## ACTION ITEM
When you find the line with "thus ?thesis using Kset_D(1)[OF assms]" among the records below, reproduce it and each line after it exactly, ending with the line with "q = (\<Union>t.".

'''

lemma reduced_frac_unique:
  assumes "reduced_frac q v w" "reduced_frac q r s" "v * s = w * r"
  shows "(r = v \<and> s = w) \<or> (r = -v \<and> s = -w)"
proof -
  obtain b d b' d' where G: "(v,b,w,d) \<in> GammaMat q" "(r,b',s,d') \<in> GammaMat q"
    using assms(1,2) unfolding reduced_frac_def by blast
  have "mmul (madj (v,b,w,d)) (r,b',s,d') = (d*r - b*s, d*b' - b*d', 0, v*d' - w*b')"
    using assms(3) by (simp add: madj_def mmul_def algebra_simps)
  moreover have "mmul (madj (v,b,w,d)) (r,b',s,d') \<in> GammaMat q"
    using GammaMat_mmul madj_GammaMat G by blast
  ultimately have u: "d*r - b*s = 1 \<or> d*r - b*s = -1"
    using GammaMat_lower_left_0 by metis
  have "v*d - b*w = 1" using mdet_GammaMat[OF G(1)] by (simp add: mdet_def)
  hence "r = v * (d*r - b*s)" "s = w * (d*r - b*s)"
    using assms(3) by algebra+
  thus ?thesis using u by auto
qed

end

section \<open>The inverse branches of the Farey map\<close>

locale odd_hecke = hecke +
  assumes odd_q: "odd q"
begin

definition qhalf :: nat where
  "qhalf = (q - 1) div 2"

lemma q_eq: "q = 2 * qhalf + 1" and qhalf_pos: "1 \<le> qhalf"
  using odd_q q_ge_3 unfolding qhalf_def by (auto elim!: oddE)

lemma Kset_eq: "Kset q = {Suc qhalf .. q - 1}"
proof -
  have "(q + 1) div 2 = Suc qhalf" using q_eq by simp
  thus ?thesis unfolding Kset_def by simp
qed

lemma Kset_D:
  assumes "k \<in> Kset q"
  shows "2 \<le> k" "k < q" "0 < sn k" "0 < sn (k - 1)" "0 \<le> sn (k + 1)"
    and "sn k ^ 2 - sn (k + 1) * sn (k - 1) = 1"
proof -
  show "2 \<le> k" "k < q" using assms qhalf_pos q_eq Kset_eq by auto
  thus "0 < sn k" "0 < sn (k - 1)" "0 \<le> sn (k + 1)" "sn k ^ 2 - sn (k + 1) * sn (k - 1) = 1"
    using sn_pos[of k] sn_pos[of "k - 1"] sn_nonneg[of "k + 1"] sn_det[of k] by auto
qed

text \<open>\<open>farey_mat False k = g\<^sub>k\<close> and \<open>farey_mat True k = Q g\<^sub>k\<close> act on the two branches of \<open>F\<^sub>q\<close>
  belonging to \<open>k\<close>; \<open>branch_mat t k\<close> are their inverses, the elements of \<open>\<Lambda>\<^sub>q\<close>.\<close>
definition farey_mat :: "bool \<Rightarrow> nat \<Rightarrow> mat2" where
  "farey_mat t k = (if t then mmul Qm (gk q k) else gk q k)"

definition branch_mat :: "bool \<Rightarrow> nat \<Rightarrow> mat2" where
  "branch_mat t k = (if t then (sn (k + 1), sn k, sn k, sn (k - 1))
                     else (sn k, sn (k + 1), sn (k - 1), sn k))"

definition inv_branch :: "bool \<Rightarrow> nat \<Rightarrow> real \<Rightarrow> real" where
  "inv_branch t k = mob (branch_mat t k)"

lemma farey_mat_eq:
  "1 \<le> k \<Longrightarrow> farey_mat t k = (if t then (- sn (k - 1), sn k, sn k, - sn (k + 1))
                                  else (sn k, - sn (k + 1), - sn (k - 1), sn k))"
  unfolding farey_mat_def gk_def sn_def using of_nat_diff[of 1 k]
  by (simp add: mmul_def Qm_def add.commute)

lemma branch_mat_farey_mat:
  assumes "k \<in> Kset q"
  shows "mmul (branch_mat t k) (farey_mat t k) = mid"
proof -
  have "sn k * sn k - sn (k + 1) * sn (k - 1) = 1"
    using Kset_D[OF assms] by (simp add: power2_eq_square)
  thus ?thesis
    using Kset_D(1)[OF assms]
    by (simp add: farey_mat_eq branch_mat_def mmul_def mid_def algebra_simps)
qed

lemma minv_farey_mat:
  assumes "k \<in> Kset q"
  shows "minv (farey_mat t k) = branch_mat t k"
proof -
  have "mdet (farey_mat t k) = (if t then -1 else 1)"
    using Kset_D[OF assms]
    by (simp add: farey_mat_eq mdet_def power2_eq_square algebra_simps)
  thus ?thesis using Kset_D(1)[OF assms]
    by (simp add: minv_def farey_mat_eq branch_mat_def)
qed

lemma LamSet_eq: "LamSet q = {branch_mat t k | t k. k \<in> Kset q}"
proof -
  have "LamSet q = (\<Union>t. (\<lambda>k. minv (farey_mat t k)) ` Kset q)"
    unfolding LamSet_def farey_mat_def UNIV_bool by auto
  also have "\<dots> = (\<Union>t. branch_mat t ` Kset q)"
    by (simp add: minv_farey_mat cong: image_cong)
  finally show ?thesis by blast
qed

lemma mdet_branch_mat: "k \<in> Kset q \<Longrightarrow> mdet (branch_mat t k) = (if t then -1 else 1)"
  using Kset_D[of k] by (simp add: branch_mat_def mdet_def power2_eq_square algebra_simps)

lemma branch_mat_den_pos: "k \<in> Kset q \<Longrightarrow> 0 \<le> y \<Longrightarrow> 0 < snd (mapply (branch_mat t k) (y,1))"
  using Kset_D[of k]
  by (simp add: branch_mat_def mapply_def add_pos_nonneg add_nonneg_pos)

lemma inv_branch_strict_mono:
  "k \<in> Kset q \<Longrightarrow> 0 \<le> y1 \<Longrightarrow> y1 < y2 \<Longrightarrow> inv_branch False k y1 < inv_branch False k y2"
  unfolding inv_branch_def
  by (rule mob_strict_mono) (simp_all add: mdet_branch_mat branch_mat_den_pos)

lemma inv_branch_strict_anti:
  "k \<in> Kset q \<Longrightarrow> 0 \<le> y1 \<Longrightarrow> y1 < y2 \<Longrightarrow> inv_branch True k y2 < inv_branch True k y1"
  unfolding inv_branch_def
  by (rule mob_strict_anti) (simp_all add: mdet_branch_mat branch_mat_den_pos)

lemma inv_branch_inj:
  "k \<in> Kset q \<Longrightarrow> 0 \<le> y1 \<Longrightarrow> 0 \<le> y2 \<Longrightarrow> inv_branch t k y1 = inv_branch t k y2 \<Longrightarrow> y1 = y2"
  using inv_branch_strict_mono[of k y1 y2] inv_branch_strict_mono[of k y2 y1]
    inv_branch_strict_anti[of k y1 y2] inv_branch_strict_anti[of k y2 y1]
  by (cases t; cases y1 y2 rule: linorder_cases) auto

definition ratio :: "nat \<Rightarrow> real" where
  "ratio j = sn (j + 1) / sn j"

definition mediant :: "nat \<Rightarrow> real" where
  "mediant k = (sn k + sn (k + 1)) / (sn (k - 1) + sn k)"

definition branch_dom :: "bool \<Rightarrow> nat \<Rightarrow> real set" where
  "branch_dom t k = (if t then {mediant k .. ratio (k - 1)} else {ratio k .. mediant k})"

lemma ratio_less_mediant_less: "k \<in> Kset q \<Longrightarrow> ratio k < mediant k \<and> mediant k < ratio (k - 1)"
proof -
  assume k: "k \<in> Kset q"
  note K = Kset_D[OF k]
  have "sn (k + 1) * sn (k - 1) < sn k * sn k" using K by (simp add: power2_eq_square)
  hence "sn (k + 1) * (sn (k - 1) + sn k) < sn k * (sn k + sn (k + 1))"
        "sn (k - 1) * (sn k + sn (k + 1)) < sn k * (sn (k - 1) + sn k)"
    by (simp_all add: algebra_simps)
  moreover have "k - 1 + 1 = k" using K by simp
  ultimately show ?thesis unfolding ratio_def mediant_def using K
    by (simp add: divide_less_eq less_divide_eq mult.commute add_pos_pos)
qed

lemma ratio_decreasing: "qhalf \<le> j \<Longrightarrow> j + 1 < q \<Longrightarrow> ratio (j + 1) < ratio j"
proof -
  assume j: "qhalf \<le> j" "j + 1 < q"
  have pos: "0 < sn j" "0 < sn (j + 1)" using sn_pos j qhalf_pos by auto
  have "sn (j + 2) * sn j < sn (j + 1) * sn (j + 1)"
    using sn_det[of "j + 1"] by (simp add: power2_eq_square)
  thus ?thesis unfolding ratio_def using pos by (simp add: divide_less_eq field_simps)
qed

lemma ratio_antimono: "j \<le> j' \<Longrightarrow> qhalf \<le> j \<Longrightarrow> j' < q \<Longrightarrow> ratio j' \<le> ratio j"
proof (induction rule: dec_induct)
  case (step j')
  thus ?case using ratio_decreasing[of j'] by fastforce
qed simp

'''

## EXERCISE RESULT
  thus ?thesis using Kset_D(1)[OF assms]
    by (simp add: minv_def farey_mat_eq branch_mat_def)
qed

lemma LamSet_eq: "LamSet q = {branch_mat t k | t k. k \<in> Kset q}"
proof -
  have "LamSet q = (\<Union>t. (\<lambda>k. minv (farey_mat t k)) ` Kset q)"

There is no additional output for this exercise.